**TASK PROMPT:** Give every line of the records exactly, please, from the first up to and including the one containing "using assms by (simp_all".

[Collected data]
-- Opening Marker --

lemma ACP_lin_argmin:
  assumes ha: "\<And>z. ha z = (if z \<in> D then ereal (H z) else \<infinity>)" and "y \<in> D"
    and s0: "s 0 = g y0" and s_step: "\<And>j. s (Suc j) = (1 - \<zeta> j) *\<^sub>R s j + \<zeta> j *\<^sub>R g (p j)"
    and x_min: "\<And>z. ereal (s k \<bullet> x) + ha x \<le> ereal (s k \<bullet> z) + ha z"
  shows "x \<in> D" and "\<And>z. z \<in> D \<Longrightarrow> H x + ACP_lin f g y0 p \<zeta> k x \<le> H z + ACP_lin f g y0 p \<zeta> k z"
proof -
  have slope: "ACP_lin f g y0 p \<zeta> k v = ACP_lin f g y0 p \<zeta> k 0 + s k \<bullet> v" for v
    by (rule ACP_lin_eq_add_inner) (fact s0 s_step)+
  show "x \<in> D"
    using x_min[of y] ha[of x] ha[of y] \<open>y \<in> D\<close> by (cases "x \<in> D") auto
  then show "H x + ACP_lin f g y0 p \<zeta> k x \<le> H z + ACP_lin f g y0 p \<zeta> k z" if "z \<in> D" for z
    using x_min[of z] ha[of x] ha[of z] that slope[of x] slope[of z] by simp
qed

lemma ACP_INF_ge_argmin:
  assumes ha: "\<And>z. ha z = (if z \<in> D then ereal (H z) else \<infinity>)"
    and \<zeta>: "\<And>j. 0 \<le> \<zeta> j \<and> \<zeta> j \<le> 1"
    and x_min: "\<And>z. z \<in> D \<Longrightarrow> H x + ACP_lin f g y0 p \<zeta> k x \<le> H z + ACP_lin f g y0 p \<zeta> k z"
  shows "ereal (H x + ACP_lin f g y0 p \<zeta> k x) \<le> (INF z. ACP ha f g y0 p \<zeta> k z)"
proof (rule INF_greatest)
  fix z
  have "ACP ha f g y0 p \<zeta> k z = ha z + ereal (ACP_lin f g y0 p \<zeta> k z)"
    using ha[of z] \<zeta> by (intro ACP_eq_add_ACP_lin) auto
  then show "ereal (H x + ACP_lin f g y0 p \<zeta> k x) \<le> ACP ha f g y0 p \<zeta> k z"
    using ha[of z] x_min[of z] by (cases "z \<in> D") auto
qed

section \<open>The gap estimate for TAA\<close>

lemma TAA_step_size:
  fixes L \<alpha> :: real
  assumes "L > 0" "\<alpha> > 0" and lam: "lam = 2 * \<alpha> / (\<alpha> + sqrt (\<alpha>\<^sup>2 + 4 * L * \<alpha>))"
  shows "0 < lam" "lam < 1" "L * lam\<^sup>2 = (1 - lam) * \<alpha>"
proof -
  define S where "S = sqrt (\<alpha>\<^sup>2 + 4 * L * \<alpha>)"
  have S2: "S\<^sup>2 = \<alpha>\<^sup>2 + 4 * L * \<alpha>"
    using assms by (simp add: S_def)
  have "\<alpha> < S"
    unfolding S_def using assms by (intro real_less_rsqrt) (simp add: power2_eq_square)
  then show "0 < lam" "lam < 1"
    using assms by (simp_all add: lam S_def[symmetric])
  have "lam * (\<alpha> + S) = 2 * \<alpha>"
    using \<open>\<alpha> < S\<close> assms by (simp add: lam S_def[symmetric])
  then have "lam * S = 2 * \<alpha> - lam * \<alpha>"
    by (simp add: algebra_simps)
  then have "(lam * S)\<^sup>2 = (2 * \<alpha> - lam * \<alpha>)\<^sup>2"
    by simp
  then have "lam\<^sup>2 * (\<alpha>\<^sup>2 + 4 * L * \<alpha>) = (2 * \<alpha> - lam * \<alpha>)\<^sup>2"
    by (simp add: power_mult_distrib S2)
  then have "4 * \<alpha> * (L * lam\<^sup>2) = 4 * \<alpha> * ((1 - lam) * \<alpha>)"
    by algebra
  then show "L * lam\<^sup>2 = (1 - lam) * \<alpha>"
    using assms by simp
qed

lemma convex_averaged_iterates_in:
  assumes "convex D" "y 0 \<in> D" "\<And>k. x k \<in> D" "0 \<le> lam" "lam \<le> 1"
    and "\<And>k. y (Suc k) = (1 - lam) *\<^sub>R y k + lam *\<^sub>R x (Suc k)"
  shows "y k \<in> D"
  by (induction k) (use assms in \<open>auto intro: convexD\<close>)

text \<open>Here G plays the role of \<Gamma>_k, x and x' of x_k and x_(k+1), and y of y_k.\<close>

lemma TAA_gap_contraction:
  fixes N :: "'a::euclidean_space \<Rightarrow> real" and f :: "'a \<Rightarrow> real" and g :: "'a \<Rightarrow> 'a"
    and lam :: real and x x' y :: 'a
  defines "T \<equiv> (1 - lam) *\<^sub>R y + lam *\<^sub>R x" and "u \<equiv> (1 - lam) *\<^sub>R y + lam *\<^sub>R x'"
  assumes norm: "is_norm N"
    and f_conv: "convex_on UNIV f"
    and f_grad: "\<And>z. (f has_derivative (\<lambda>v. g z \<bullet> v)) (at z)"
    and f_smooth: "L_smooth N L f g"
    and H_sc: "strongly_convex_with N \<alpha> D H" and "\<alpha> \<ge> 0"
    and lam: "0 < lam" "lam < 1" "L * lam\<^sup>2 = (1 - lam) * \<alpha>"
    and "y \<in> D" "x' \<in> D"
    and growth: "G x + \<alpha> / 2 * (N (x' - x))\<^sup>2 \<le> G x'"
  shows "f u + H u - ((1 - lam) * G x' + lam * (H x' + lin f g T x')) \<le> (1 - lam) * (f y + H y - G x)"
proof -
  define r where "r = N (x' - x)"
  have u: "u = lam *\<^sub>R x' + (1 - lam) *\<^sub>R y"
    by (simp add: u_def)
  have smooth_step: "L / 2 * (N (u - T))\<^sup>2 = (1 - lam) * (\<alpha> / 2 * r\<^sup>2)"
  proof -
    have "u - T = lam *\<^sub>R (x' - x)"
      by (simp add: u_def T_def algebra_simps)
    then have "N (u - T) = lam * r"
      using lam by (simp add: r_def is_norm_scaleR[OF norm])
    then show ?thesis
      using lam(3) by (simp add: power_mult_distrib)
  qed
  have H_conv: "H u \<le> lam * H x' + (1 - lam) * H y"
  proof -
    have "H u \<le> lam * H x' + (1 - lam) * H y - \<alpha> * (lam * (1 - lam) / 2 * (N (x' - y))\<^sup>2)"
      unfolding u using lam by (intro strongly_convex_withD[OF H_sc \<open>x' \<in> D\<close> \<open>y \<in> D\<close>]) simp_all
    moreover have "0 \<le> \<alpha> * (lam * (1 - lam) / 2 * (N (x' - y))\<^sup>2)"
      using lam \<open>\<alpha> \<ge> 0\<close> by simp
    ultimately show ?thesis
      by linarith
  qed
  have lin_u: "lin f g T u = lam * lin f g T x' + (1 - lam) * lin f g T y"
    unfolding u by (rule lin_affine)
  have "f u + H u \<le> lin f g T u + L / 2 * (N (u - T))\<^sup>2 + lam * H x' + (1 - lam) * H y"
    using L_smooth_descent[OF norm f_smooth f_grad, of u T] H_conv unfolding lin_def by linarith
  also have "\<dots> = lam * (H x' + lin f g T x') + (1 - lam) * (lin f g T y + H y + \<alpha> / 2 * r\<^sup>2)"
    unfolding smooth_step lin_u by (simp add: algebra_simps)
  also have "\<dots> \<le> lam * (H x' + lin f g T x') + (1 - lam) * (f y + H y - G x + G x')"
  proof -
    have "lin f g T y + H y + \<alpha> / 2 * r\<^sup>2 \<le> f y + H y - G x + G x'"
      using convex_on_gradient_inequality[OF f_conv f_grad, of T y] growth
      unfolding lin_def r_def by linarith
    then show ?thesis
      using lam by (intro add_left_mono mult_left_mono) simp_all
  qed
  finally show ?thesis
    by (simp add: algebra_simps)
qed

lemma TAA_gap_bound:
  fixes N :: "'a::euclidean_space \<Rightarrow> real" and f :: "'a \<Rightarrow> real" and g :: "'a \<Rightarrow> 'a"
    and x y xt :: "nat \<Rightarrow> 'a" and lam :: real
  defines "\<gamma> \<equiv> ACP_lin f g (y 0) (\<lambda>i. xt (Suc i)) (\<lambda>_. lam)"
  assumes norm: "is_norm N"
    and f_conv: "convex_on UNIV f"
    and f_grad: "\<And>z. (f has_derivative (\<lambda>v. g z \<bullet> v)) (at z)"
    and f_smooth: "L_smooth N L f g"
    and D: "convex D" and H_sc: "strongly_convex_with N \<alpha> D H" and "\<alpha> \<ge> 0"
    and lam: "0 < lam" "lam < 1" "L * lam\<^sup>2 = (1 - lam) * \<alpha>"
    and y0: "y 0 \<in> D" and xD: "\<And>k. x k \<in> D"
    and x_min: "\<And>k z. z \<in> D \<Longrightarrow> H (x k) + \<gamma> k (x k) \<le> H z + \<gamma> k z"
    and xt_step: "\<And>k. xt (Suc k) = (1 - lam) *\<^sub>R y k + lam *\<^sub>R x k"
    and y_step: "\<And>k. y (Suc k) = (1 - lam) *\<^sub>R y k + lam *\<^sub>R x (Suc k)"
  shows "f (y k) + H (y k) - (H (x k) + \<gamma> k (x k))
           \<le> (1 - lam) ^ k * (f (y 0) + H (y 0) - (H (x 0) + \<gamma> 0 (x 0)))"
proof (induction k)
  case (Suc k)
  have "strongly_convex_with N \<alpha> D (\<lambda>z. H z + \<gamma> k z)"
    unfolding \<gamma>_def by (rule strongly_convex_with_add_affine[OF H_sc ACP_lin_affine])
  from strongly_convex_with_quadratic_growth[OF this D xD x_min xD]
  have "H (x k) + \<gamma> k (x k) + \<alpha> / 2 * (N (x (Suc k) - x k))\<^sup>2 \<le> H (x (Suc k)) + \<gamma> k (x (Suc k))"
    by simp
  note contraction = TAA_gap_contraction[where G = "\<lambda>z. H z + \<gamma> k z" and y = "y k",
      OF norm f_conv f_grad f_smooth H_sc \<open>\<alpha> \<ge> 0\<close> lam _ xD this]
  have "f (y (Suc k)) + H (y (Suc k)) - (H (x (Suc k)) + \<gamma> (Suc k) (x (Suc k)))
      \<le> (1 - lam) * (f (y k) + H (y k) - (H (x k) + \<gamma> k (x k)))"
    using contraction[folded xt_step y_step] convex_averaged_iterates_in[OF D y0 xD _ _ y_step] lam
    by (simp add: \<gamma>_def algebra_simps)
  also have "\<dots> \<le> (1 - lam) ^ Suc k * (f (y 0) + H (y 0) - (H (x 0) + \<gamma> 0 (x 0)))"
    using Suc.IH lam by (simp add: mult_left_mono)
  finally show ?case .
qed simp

-- Closing Marker --

**ANSWER FOR THIS EXERCISE:**
lemma ACP_lin_argmin:
  assumes ha: "\<And>z. ha z = (if z \<in> D then ereal (H z) else \<infinity>)" and "y \<in> D"
    and s0: "s 0 = g y0" and s_step: "\<And>j. s (Suc j) = (1 - \<zeta> j) *\<^sub>R s j + \<zeta> j *\<^sub>R g (p j)"
    and x_min: "\<And>z. ereal (s k \<bullet> x) + ha x \<le> ereal (s k \<bullet> z) + ha z"
  shows "x \<in> D" and "\<And>z. z \<in> D \<Longrightarrow> H x + ACP_lin f g y0 p \<zeta> k x \<le> H z + ACP_lin f g y0 p \<zeta> k z"
proof -
  have slope: "ACP_lin f g y0 p \<zeta> k v = ACP_lin f g y0 p \<zeta> k 0 + s k \<bullet> v" for v
    by (rule ACP_lin_eq_add_inner) (fact s0 s_step)+
  show "x \<in> D"
    using x_min[of y] ha[of x] ha[of y] \<open>y \<in> D\<close> by (cases "x \<in> D") auto
  then show "H x + ACP_lin f g y0 p \<zeta> k x \<le> H z + ACP_lin f g y0 p \<zeta> k z" if "z \<in> D" for z
    using x_min[of z] ha[of x] ha[of z] that slope[of x] slope[of z] by simp
qed

lemma ACP_INF_ge_argmin:
  assumes ha: "\<And>z. ha z = (if z \<in> D then ereal (H z) else \<infinity>)"
    and \<zeta>: "\<And>j. 0 \<le> \<zeta> j \<and> \<zeta> j \<le> 1"
    and x_min: "\<And>z. z \<in> D \<Longrightarrow> H x + ACP_lin f g y0 p \<zeta> k x \<le> H z + ACP_lin f g y0 p \<zeta> k z"
  shows "ereal (H x + ACP_lin f g y0 p \<zeta> k x) \<le> (INF z. ACP ha f g y0 p \<zeta> k z)"
proof (rule INF_greatest)
  fix z
  have "ACP ha f g y0 p \<zeta> k z = ha z + ereal (ACP_lin f g y0 p \<zeta> k z)"
    using ha[of z] \<zeta> by (intro ACP_eq_add_ACP_lin) auto
  then show "ereal (H x + ACP_lin f g y0 p \<zeta> k x) \<le> ACP ha f g y0 p \<zeta> k z"
    using ha[of z] x_min[of z] by (cases "z \<in> D") auto
qed

section \<open>The gap estimate for TAA\<close>

lemma TAA_step_size:
  fixes L \<alpha> :: real
  assumes "L > 0" "\<alpha> > 0" and lam: "lam = 2 * \<alpha> / (\<alpha> + sqrt (\<alpha>\<^sup>2 + 4 * L * \<alpha>))"
  shows "0 < lam" "lam < 1" "L * lam\<^sup>2 = (1 - lam) * \<alpha>"
proof -
  define S where "S = sqrt (\<alpha>\<^sup>2 + 4 * L * \<alpha>)"
  have S2: "S\<^sup>2 = \<alpha>\<^sup>2 + 4 * L * \<alpha>"
    using assms by (simp add: S_def)
  have "\<alpha> < S"
    unfolding S_def using assms by (intro real_less_rsqrt) (simp add: power2_eq_square)
  then show "0 < lam" "lam < 1"
    using assms by (simp_all add: lam S_def[symmetric])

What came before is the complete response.